_Required action_
Within the entries below, find the portion that opens with the line containing "sum_list a + sum_list b = n \<and> (\<forall>x\<in>set" and closes with the line containing "h' = (h - b v) + a". Retype that portion exactly and only.

Top of Material shown

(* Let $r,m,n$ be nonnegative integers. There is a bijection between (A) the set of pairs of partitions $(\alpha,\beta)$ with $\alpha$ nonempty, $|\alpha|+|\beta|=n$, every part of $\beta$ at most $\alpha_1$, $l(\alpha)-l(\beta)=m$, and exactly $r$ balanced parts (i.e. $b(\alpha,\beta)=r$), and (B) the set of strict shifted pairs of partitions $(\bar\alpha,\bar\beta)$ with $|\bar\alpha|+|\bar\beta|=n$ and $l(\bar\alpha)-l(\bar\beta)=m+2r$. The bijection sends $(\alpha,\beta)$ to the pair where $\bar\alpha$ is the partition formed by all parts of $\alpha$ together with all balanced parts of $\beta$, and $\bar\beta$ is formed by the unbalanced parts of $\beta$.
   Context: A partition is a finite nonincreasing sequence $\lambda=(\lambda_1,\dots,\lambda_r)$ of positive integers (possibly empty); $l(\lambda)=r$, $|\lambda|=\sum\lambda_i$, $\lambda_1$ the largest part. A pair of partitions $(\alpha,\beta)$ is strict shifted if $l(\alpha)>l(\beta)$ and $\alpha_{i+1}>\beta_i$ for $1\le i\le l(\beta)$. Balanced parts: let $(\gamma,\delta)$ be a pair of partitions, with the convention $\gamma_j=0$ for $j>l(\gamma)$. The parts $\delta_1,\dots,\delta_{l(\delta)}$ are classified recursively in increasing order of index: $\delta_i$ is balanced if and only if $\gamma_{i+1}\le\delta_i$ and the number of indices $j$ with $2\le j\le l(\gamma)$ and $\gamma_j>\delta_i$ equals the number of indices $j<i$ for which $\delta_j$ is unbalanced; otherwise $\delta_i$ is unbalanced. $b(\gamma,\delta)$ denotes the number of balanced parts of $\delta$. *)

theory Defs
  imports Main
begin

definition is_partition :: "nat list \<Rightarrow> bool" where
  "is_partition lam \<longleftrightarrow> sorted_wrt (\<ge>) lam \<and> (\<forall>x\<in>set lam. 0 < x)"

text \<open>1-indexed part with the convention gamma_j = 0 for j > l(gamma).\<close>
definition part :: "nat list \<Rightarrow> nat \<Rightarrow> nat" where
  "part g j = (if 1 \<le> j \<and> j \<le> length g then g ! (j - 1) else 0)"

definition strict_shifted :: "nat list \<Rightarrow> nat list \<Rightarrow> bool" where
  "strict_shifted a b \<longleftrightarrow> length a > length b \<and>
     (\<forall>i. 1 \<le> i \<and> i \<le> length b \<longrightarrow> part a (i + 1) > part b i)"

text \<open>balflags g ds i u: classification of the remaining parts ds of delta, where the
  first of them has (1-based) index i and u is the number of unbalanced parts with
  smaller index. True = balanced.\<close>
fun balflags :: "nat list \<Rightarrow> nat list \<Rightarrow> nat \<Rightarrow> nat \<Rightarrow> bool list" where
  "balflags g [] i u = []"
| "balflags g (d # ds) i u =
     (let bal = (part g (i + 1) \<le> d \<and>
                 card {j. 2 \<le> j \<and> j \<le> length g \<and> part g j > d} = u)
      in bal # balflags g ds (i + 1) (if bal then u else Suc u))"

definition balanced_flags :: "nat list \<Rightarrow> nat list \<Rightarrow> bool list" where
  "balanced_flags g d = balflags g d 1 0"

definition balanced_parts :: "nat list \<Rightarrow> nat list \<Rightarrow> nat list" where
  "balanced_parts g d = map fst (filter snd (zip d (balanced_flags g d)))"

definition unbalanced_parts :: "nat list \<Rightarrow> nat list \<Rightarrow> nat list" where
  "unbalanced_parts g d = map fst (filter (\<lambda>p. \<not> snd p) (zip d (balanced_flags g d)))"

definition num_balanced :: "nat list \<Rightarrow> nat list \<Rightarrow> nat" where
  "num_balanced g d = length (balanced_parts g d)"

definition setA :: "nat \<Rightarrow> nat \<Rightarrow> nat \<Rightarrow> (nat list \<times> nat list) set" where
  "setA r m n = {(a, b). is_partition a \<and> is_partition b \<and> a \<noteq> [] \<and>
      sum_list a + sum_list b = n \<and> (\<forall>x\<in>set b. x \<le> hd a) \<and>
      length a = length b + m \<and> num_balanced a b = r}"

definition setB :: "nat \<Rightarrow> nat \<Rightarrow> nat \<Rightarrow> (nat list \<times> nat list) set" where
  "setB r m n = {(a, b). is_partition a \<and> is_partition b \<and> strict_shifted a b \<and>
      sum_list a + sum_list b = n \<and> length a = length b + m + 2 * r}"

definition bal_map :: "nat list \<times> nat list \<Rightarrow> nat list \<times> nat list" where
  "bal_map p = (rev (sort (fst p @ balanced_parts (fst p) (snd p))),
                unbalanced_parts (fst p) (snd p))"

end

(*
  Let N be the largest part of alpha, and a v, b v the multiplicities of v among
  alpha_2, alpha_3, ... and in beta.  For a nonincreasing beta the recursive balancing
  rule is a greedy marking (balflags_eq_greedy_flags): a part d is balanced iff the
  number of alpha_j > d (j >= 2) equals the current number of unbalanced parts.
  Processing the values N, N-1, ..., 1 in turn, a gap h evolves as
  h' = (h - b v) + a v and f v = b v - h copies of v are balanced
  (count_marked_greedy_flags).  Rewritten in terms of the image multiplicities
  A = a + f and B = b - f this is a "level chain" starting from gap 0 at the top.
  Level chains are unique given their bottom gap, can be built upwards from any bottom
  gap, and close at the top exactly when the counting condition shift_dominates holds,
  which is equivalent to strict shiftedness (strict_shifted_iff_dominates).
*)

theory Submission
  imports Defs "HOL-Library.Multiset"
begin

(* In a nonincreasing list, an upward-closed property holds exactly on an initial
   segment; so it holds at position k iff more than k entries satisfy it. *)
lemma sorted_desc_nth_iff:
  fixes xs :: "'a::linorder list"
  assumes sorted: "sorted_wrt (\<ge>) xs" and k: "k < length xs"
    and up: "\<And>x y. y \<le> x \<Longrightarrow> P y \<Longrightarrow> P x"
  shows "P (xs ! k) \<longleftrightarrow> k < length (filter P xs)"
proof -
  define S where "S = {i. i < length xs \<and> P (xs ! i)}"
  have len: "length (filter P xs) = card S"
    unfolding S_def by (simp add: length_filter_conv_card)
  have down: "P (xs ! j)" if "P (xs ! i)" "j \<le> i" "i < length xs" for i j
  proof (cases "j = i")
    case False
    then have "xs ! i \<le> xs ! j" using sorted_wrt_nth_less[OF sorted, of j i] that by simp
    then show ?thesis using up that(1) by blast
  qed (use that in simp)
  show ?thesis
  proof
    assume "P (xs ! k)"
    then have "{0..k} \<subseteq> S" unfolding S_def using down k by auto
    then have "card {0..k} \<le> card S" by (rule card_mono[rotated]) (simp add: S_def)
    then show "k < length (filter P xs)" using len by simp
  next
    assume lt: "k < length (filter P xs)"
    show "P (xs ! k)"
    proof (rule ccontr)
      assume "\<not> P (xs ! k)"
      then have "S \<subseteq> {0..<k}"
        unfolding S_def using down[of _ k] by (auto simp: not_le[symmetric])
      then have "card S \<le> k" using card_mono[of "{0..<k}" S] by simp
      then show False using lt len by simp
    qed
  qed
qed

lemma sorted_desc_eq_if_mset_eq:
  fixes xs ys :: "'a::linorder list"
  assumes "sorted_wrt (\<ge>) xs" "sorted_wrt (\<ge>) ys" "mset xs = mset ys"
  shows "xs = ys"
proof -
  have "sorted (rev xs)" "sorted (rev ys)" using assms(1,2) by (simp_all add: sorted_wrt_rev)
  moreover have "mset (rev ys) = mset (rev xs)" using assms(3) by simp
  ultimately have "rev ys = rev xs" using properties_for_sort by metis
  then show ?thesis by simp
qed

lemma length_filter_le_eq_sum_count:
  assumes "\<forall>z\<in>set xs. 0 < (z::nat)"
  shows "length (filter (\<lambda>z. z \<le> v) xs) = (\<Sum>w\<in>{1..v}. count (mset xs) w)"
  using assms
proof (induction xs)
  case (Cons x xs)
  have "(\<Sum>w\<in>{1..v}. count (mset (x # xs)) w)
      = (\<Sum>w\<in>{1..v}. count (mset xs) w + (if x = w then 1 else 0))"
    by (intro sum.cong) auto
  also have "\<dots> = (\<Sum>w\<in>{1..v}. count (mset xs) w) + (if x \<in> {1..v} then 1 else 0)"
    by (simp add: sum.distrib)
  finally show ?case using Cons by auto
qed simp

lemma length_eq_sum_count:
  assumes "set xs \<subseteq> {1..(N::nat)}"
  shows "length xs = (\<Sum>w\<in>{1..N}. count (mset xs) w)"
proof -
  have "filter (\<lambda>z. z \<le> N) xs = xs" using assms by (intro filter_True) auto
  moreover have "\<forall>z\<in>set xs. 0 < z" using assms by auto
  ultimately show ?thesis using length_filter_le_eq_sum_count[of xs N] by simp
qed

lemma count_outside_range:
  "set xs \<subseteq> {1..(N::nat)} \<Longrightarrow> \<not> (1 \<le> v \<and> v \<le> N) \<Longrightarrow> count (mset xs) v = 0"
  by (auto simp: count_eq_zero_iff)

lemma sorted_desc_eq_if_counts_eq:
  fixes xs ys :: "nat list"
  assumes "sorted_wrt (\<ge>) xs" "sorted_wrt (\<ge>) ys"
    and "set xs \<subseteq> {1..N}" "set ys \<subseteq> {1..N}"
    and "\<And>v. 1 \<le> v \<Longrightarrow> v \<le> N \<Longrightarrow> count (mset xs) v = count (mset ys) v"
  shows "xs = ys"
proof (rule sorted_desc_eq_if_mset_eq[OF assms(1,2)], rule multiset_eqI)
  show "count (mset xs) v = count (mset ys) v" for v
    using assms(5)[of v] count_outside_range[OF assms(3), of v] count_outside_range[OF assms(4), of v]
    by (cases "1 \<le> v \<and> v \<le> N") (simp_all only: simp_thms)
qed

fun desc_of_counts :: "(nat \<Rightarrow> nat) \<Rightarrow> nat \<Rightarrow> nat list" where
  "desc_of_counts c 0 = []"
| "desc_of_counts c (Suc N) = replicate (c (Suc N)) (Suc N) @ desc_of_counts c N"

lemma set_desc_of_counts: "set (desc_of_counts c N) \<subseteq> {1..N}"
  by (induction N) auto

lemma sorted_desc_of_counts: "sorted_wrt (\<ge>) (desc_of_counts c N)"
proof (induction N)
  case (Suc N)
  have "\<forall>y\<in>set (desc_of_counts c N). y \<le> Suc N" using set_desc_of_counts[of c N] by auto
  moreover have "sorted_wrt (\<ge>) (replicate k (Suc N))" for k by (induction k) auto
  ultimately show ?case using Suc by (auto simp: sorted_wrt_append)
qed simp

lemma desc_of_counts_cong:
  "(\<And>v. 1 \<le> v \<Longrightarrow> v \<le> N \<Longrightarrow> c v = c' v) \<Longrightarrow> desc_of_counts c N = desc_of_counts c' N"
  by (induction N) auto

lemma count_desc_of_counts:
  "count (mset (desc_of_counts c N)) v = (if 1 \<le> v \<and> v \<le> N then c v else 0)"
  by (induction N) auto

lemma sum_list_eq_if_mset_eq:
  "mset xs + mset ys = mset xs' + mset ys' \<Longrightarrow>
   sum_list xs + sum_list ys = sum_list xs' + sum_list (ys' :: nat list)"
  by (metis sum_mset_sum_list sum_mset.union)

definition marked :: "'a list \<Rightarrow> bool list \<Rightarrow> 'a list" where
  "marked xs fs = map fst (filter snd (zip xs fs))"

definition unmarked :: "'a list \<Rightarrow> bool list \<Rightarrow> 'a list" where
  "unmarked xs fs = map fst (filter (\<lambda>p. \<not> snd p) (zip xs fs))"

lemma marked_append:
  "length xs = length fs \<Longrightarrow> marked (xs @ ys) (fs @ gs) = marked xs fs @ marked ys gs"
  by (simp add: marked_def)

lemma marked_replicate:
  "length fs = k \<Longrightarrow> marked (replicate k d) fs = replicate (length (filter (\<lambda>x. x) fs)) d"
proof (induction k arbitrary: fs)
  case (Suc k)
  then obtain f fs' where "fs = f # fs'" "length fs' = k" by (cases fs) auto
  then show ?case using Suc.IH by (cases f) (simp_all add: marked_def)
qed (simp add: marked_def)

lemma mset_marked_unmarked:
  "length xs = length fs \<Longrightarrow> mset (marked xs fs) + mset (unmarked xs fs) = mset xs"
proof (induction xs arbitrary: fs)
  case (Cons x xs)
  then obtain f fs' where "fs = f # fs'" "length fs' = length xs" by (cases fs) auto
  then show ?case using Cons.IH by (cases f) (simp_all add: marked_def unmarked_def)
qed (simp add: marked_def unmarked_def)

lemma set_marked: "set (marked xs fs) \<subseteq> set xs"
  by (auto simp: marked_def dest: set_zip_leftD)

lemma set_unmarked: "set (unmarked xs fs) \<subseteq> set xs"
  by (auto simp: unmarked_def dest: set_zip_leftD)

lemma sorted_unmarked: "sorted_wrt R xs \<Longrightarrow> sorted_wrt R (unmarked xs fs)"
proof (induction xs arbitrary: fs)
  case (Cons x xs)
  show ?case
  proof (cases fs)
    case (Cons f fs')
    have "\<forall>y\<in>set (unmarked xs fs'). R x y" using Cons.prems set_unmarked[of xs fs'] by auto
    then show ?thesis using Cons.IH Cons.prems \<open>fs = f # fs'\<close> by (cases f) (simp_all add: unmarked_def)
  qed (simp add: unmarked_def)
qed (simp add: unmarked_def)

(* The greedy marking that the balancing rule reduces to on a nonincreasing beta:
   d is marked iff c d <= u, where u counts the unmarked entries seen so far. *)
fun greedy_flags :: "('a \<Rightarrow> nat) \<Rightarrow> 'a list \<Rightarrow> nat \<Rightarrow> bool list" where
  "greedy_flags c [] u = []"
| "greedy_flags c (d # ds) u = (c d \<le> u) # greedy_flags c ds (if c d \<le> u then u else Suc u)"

Bottom of Material shown

_Result of this task_
      sum_list a + sum_list b = n \<and> (\<forall>x\<in>set b. x \<le> hd a) \<and>
      length a = length b + m \<and> num_balanced a b = r}"

definition setB :: "nat \<Rightarrow> nat \<Rightarrow> nat \<Rightarrow> (nat list \<times> nat list) set" where
  "setB r m n = {(a, b). is_partition a \<and> is_partition b \<and> strict_shifted a b \<and>
      sum_list a + sum_list b = n \<and> length a = length b + m + 2 * r}"

definition bal_map :: "nat list \<times> nat list \<Rightarrow> nat list \<times> nat list" where
  "bal_map p = (rev (sort (fst p @ balanced_parts (fst p) (snd p))),
                unbalanced_parts (fst p) (snd p))"

end

(*
  Let N be the largest part of alpha, and a v, b v the multiplicities of v among
  alpha_2, alpha_3, ... and in beta.  For a nonincreasing beta the recursive balancing
  rule is a greedy marking (balflags_eq_greedy_flags): a part d is balanced iff the
  number of alpha_j > d (j >= 2) equals the current number of unbalanced parts.
  Processing the values N, N-1, ..., 1 in turn, a gap h evolves as
  h' = (h - b v) + a v and f v = b v - h copies of v are balanced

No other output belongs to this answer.